== Information supplied

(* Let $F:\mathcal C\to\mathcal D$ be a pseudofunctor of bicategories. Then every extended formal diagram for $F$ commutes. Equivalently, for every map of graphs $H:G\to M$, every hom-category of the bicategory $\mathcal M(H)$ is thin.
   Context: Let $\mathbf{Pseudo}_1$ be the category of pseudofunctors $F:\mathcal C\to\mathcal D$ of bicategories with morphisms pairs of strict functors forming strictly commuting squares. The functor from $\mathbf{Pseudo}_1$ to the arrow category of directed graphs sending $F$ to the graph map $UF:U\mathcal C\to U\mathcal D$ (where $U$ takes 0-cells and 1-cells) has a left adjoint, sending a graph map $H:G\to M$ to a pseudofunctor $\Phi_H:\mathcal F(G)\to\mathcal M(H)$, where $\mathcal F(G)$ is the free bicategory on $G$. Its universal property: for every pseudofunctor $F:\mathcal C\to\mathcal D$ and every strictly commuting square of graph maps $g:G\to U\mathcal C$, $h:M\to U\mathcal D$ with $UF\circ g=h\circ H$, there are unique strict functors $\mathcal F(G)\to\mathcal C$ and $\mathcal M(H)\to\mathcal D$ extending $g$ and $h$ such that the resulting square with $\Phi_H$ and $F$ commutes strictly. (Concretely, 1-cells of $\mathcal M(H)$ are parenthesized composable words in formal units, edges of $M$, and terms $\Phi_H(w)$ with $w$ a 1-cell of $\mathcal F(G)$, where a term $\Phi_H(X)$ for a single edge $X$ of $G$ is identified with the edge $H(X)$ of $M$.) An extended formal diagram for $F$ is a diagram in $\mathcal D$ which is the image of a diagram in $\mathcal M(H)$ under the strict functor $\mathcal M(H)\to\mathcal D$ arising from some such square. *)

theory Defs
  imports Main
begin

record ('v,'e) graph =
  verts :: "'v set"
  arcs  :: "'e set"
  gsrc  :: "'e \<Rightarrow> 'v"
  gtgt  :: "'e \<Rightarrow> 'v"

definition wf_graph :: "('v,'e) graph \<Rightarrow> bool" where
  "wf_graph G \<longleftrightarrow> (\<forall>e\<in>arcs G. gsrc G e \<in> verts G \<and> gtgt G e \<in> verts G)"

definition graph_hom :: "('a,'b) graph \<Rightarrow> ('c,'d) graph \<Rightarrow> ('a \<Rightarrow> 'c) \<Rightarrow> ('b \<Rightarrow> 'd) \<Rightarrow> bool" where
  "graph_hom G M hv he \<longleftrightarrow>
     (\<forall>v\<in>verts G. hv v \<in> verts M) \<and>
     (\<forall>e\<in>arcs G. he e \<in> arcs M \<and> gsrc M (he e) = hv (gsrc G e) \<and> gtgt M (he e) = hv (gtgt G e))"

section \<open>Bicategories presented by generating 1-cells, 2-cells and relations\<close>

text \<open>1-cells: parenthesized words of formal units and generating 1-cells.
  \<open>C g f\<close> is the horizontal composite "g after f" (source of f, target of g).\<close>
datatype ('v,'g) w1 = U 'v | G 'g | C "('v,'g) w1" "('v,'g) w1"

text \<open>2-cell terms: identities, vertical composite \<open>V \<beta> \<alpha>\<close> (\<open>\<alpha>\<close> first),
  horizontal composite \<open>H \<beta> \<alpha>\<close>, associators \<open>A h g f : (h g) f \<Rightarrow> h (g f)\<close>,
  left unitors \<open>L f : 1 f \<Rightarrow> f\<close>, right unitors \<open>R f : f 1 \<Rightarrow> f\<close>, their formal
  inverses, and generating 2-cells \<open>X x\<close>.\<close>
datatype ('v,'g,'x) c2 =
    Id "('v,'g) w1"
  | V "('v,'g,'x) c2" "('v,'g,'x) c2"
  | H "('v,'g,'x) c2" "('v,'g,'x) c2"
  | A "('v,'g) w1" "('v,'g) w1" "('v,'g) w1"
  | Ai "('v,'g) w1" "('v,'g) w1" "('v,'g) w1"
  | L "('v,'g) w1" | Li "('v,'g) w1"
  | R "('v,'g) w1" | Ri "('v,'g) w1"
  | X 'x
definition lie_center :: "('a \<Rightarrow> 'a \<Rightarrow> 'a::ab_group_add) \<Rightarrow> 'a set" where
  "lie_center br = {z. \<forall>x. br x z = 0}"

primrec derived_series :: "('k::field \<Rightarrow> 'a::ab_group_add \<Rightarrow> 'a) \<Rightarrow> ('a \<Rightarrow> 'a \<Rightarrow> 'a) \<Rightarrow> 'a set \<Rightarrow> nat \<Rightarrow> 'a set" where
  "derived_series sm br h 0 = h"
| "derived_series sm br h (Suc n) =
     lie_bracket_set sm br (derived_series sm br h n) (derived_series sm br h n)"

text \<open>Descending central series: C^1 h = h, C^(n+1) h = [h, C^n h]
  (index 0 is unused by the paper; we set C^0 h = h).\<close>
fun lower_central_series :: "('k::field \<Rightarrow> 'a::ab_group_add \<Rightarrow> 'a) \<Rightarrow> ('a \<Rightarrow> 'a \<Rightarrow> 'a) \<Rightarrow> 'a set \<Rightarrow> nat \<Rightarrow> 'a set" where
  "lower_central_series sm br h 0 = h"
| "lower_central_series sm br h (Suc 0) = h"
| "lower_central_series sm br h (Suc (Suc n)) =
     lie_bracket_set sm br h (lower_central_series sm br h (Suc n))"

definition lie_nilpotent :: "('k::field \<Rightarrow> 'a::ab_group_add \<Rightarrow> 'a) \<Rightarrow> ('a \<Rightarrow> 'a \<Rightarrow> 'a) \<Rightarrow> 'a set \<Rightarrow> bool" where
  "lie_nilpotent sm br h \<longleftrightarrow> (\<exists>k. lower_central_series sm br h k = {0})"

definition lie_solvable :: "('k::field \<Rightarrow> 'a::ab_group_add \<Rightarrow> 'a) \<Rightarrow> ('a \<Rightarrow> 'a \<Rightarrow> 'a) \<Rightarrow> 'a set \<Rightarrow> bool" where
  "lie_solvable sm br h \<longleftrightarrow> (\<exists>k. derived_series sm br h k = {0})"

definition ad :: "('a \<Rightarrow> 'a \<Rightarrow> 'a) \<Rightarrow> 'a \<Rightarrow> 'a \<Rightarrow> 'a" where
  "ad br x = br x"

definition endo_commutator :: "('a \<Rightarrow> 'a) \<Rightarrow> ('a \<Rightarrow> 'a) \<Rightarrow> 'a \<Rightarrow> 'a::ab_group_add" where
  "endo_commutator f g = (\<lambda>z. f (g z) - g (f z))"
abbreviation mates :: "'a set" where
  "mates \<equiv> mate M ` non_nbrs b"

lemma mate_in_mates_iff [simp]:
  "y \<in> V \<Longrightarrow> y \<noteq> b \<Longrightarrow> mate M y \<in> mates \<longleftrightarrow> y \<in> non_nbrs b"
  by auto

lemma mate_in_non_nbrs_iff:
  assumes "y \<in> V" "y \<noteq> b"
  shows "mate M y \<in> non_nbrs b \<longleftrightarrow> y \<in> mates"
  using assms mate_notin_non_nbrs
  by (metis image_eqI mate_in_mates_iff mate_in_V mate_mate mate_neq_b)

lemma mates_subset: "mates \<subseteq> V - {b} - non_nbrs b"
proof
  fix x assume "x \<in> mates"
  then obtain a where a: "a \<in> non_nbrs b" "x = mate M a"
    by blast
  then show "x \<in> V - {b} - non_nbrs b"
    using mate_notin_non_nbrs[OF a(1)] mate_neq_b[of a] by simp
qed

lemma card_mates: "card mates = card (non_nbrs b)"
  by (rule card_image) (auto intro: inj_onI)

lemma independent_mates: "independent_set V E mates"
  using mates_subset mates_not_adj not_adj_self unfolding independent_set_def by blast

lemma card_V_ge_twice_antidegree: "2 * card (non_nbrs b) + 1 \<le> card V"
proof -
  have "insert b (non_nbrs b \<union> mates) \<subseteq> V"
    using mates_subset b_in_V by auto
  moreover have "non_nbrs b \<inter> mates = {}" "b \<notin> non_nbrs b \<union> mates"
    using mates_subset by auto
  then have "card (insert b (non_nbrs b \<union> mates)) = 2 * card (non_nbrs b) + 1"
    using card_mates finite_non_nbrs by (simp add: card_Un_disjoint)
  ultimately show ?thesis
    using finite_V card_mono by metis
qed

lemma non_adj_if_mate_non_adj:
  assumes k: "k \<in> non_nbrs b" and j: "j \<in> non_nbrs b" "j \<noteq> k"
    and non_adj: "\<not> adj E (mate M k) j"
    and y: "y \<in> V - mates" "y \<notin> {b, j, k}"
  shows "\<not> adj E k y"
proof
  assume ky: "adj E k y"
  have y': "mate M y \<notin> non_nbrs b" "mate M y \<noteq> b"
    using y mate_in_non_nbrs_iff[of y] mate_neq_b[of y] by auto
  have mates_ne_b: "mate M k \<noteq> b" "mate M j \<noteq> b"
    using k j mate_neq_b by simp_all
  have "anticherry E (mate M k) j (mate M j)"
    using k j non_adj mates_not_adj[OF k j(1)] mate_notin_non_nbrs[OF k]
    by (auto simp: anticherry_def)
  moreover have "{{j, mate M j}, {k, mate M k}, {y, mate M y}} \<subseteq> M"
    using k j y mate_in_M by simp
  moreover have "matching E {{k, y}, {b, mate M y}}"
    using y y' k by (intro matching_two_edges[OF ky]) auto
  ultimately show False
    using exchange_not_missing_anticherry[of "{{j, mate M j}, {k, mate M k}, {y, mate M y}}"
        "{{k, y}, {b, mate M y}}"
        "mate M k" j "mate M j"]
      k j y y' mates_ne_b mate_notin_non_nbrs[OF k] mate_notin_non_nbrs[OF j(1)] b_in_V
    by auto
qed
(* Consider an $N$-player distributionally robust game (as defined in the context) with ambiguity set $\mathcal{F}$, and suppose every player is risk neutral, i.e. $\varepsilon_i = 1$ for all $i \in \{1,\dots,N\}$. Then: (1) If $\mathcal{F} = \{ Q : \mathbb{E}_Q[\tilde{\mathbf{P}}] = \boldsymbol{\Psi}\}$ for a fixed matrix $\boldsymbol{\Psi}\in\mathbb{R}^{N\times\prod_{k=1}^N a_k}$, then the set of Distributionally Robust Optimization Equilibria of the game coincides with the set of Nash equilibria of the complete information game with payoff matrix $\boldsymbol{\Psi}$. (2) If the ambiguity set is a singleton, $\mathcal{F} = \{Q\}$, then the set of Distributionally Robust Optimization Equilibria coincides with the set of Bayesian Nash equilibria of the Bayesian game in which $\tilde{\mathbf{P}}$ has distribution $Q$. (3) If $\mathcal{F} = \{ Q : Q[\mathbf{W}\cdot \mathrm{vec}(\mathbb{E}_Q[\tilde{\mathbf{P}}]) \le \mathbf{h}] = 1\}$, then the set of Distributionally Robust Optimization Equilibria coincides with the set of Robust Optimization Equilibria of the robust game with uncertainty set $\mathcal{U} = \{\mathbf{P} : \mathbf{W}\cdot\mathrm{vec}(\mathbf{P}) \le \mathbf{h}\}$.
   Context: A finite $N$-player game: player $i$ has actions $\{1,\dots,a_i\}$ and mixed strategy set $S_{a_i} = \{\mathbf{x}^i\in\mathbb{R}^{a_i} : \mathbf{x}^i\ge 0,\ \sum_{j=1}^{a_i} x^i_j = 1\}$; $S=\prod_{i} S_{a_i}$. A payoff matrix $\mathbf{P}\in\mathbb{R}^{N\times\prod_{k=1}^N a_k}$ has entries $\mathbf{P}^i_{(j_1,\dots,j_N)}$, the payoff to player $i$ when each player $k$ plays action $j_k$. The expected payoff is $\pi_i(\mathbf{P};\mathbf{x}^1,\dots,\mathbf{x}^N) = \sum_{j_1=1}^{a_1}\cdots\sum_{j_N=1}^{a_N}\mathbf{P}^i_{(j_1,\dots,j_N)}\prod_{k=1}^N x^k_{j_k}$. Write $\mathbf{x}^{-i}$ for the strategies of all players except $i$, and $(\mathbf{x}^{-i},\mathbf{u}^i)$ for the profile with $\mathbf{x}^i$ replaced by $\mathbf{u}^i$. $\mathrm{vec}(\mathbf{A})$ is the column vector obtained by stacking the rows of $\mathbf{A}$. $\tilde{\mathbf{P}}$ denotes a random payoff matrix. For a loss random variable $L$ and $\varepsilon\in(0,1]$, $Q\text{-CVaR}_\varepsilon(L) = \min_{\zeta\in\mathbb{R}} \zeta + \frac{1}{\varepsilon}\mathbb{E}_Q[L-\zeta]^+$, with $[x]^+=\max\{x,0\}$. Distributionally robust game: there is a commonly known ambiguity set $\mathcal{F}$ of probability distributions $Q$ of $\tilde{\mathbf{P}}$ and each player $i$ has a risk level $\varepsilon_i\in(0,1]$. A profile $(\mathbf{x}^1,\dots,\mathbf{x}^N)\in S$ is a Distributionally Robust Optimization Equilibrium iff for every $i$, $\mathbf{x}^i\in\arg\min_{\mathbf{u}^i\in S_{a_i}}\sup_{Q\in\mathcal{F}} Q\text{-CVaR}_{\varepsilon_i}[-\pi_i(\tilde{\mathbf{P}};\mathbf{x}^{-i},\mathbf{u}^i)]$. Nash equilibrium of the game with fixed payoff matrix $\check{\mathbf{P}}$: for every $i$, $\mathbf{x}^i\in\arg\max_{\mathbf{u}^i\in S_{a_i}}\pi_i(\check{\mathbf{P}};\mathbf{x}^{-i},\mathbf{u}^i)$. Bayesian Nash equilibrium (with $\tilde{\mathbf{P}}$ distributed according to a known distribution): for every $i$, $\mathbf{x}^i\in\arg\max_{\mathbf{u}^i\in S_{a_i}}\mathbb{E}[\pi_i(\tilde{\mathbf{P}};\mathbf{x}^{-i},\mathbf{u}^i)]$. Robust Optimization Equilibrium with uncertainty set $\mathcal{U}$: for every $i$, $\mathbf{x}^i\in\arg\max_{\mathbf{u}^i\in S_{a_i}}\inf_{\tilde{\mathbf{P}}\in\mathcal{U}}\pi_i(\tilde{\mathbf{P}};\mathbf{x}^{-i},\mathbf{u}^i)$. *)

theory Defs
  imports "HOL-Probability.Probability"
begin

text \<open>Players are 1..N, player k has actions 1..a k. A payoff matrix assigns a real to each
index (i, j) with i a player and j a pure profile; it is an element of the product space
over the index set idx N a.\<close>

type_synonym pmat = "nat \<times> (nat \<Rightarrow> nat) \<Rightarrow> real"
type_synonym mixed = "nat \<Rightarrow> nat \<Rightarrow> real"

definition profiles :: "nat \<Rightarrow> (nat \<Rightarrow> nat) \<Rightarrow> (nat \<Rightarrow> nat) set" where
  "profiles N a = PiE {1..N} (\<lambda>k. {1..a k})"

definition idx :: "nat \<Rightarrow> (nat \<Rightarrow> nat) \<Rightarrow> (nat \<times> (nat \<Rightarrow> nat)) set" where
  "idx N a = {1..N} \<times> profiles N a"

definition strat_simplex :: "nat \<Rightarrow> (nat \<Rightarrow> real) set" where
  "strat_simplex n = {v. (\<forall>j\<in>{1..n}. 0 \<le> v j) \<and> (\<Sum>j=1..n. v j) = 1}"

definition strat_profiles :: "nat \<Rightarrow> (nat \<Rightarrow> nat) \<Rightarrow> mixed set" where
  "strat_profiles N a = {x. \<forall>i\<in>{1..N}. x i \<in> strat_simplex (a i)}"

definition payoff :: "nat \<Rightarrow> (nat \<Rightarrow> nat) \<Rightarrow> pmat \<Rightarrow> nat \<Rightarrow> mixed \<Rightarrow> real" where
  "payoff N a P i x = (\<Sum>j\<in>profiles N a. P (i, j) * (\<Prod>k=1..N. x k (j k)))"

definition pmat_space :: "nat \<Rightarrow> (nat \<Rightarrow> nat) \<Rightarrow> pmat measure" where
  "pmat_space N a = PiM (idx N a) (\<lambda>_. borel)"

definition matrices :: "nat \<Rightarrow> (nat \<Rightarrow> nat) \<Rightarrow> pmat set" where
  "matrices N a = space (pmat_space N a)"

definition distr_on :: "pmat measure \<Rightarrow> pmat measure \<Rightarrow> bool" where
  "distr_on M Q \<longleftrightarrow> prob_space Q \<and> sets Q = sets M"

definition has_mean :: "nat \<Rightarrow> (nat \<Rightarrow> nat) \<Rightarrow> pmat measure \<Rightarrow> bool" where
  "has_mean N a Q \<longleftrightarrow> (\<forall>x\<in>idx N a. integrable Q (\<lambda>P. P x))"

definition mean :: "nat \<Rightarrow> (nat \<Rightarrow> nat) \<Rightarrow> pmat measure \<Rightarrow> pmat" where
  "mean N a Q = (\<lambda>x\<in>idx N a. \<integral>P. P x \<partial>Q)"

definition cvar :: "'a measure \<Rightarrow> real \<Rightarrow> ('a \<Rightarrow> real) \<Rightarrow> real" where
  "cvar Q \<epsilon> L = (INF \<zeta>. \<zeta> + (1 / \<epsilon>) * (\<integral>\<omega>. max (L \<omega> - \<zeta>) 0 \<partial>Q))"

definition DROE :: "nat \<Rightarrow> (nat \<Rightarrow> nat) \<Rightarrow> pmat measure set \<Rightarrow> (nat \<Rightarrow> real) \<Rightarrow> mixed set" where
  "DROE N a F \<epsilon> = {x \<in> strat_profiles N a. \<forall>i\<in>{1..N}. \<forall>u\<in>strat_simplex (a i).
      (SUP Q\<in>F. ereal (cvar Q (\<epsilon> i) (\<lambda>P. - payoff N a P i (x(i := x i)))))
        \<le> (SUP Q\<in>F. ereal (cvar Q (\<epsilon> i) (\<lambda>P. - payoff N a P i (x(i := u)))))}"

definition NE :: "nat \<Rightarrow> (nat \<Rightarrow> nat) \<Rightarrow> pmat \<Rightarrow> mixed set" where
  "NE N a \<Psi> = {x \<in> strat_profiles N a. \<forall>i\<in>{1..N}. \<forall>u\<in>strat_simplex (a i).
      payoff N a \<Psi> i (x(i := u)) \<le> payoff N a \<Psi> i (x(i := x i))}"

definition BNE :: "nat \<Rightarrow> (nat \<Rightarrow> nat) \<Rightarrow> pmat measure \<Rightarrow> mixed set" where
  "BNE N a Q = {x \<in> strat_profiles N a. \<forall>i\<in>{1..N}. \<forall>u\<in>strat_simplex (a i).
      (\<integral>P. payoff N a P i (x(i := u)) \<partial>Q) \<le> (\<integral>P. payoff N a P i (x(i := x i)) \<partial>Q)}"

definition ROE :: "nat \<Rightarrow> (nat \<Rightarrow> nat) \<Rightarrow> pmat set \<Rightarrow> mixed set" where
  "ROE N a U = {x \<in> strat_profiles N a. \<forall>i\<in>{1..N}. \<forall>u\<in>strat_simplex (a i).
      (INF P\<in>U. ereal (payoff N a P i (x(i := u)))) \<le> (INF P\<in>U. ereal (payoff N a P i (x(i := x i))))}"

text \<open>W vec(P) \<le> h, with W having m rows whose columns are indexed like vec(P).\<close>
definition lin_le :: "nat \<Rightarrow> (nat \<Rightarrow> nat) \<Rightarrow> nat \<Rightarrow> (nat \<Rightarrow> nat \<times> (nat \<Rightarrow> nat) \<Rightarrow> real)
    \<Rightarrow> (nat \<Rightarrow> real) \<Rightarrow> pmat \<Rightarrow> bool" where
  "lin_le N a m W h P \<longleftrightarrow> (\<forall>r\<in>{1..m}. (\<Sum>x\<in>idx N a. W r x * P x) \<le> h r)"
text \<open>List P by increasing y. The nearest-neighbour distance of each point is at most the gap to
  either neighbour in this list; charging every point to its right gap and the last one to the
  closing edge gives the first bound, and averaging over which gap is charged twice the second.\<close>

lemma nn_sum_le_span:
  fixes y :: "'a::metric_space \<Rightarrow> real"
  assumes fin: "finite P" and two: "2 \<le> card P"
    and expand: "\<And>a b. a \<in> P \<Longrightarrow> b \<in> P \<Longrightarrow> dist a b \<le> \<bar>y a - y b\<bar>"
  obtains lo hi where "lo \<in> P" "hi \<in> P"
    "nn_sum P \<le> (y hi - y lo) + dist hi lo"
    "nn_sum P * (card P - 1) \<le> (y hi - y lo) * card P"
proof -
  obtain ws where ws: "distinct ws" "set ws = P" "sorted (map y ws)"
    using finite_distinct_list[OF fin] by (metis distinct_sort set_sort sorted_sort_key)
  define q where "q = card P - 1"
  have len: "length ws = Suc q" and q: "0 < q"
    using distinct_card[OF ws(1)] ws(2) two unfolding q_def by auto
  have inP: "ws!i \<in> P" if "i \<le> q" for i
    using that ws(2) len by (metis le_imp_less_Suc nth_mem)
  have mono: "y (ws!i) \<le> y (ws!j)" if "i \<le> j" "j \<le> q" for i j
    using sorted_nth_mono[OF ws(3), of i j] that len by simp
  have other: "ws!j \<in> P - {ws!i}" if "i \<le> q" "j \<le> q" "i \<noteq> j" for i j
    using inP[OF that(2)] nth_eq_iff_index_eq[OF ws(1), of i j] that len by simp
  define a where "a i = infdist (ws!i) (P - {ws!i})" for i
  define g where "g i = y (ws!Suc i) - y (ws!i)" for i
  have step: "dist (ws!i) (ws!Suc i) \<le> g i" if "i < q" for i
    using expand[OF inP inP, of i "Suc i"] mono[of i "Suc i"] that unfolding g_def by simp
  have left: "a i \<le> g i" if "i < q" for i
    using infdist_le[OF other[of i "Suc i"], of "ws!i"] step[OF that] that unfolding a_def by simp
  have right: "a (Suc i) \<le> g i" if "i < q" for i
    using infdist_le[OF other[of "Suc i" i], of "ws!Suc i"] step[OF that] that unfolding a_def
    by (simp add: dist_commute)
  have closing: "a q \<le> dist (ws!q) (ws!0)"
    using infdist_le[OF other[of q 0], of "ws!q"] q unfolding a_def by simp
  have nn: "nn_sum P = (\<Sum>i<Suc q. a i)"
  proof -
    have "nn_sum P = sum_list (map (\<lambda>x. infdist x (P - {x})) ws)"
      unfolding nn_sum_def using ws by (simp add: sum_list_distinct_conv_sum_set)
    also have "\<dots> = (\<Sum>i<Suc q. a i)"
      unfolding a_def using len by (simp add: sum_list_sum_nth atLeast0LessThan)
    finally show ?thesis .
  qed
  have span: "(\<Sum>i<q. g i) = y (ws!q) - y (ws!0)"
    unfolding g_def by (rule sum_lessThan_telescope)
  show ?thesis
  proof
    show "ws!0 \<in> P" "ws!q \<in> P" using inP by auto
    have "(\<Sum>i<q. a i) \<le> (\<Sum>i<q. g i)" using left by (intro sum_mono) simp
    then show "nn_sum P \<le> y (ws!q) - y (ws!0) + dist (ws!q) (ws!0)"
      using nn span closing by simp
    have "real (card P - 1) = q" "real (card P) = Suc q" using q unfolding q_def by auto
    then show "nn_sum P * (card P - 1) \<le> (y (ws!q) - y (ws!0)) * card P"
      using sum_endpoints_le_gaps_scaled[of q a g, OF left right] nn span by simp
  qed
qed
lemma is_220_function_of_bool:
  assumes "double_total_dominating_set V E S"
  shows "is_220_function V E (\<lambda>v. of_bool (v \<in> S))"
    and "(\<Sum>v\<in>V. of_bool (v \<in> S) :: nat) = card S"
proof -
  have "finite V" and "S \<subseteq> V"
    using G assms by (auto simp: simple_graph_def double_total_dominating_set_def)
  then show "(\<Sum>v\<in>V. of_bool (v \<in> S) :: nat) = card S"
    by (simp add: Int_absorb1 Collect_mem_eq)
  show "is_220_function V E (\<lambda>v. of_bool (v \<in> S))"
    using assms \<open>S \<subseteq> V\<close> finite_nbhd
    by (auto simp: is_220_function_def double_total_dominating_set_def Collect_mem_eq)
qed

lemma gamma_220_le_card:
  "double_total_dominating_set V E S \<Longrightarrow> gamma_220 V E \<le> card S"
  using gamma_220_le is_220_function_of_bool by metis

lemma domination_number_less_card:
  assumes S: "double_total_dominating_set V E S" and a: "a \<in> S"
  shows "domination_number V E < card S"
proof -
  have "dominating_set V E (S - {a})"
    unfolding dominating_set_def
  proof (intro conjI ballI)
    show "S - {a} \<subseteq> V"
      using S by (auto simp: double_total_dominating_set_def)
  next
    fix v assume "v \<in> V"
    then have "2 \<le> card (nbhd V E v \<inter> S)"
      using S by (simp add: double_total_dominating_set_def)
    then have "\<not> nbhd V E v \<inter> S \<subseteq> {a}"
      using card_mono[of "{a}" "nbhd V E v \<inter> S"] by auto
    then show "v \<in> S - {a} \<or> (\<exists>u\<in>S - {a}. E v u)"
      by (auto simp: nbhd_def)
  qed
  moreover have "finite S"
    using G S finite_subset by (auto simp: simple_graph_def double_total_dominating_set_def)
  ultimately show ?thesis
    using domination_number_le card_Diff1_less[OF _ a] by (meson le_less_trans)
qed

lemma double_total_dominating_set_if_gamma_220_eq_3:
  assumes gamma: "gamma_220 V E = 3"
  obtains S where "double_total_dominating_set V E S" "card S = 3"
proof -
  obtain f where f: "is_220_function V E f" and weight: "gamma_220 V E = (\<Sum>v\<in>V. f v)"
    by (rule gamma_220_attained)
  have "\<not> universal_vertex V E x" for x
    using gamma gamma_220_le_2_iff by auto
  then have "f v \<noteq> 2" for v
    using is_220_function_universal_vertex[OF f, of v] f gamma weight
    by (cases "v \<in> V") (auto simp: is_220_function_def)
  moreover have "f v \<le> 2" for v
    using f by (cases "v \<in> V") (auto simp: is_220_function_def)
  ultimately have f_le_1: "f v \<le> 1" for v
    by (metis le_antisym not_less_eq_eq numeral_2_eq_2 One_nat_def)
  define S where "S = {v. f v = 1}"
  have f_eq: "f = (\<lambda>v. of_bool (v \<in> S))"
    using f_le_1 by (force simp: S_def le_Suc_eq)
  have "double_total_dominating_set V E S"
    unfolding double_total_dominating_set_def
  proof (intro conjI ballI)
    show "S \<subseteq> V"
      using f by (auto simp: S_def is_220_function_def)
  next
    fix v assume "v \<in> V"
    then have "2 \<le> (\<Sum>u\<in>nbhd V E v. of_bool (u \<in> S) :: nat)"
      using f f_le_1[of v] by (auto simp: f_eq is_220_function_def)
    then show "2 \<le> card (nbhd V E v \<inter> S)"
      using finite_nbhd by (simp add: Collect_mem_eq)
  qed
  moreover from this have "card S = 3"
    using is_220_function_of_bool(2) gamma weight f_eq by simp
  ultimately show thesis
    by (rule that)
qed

====

## Directions for this task
Scan the material above and determine how many lines include the word "gtgt"; report only the number.

## Answer for this exercise
3